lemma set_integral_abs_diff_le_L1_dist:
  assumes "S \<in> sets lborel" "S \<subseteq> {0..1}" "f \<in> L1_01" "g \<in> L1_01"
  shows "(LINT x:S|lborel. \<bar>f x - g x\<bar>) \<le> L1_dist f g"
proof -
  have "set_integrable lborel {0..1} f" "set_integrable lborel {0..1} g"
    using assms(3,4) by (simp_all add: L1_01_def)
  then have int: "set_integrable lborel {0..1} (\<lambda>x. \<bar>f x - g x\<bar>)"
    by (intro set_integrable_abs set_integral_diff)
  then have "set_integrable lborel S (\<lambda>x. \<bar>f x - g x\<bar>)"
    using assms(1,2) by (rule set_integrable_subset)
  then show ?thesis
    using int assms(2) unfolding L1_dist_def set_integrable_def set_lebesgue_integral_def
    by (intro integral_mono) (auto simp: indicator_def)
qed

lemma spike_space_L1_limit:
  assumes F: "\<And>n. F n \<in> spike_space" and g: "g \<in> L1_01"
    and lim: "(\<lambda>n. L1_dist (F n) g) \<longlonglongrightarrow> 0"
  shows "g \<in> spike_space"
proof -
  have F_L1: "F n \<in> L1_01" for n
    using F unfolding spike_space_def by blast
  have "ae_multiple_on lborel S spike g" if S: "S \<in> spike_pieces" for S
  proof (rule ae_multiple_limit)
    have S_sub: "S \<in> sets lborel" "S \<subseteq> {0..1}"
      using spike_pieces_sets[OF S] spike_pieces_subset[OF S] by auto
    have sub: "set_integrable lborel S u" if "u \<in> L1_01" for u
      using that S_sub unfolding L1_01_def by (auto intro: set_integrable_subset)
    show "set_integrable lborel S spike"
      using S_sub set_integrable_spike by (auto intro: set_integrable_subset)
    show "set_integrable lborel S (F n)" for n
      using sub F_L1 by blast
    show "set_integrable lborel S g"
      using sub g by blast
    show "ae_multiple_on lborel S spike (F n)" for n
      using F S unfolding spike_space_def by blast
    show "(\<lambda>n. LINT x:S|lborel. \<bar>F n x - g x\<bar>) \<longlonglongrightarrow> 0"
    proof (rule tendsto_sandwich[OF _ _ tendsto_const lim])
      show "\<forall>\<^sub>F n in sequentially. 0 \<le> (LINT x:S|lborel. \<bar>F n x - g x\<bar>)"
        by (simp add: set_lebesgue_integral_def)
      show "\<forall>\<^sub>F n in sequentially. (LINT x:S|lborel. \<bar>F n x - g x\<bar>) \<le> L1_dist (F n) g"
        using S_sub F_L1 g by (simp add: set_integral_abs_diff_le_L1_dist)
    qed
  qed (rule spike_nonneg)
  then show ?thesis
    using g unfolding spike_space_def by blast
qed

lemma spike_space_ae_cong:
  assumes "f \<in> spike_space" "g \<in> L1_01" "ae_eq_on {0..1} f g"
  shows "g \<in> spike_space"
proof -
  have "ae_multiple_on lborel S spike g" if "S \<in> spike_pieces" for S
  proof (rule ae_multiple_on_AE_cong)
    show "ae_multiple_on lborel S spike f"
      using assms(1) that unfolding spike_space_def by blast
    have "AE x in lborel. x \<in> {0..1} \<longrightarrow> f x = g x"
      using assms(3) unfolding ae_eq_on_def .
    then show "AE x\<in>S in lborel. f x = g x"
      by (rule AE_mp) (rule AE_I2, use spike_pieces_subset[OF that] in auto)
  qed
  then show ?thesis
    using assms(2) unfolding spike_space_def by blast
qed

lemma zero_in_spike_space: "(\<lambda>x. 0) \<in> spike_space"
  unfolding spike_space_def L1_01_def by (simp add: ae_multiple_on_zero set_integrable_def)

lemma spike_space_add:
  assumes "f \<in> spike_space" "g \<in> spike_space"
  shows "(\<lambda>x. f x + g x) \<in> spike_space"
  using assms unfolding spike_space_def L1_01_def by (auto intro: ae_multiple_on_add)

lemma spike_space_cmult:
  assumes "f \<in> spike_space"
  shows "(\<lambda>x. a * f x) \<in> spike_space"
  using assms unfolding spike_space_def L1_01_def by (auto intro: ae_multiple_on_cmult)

◆ ◆ ◆

• Exercise objective
Using the material above, please count the lines in which the word "assumes" occurs and give the number with nothing added.

• Result of the task
5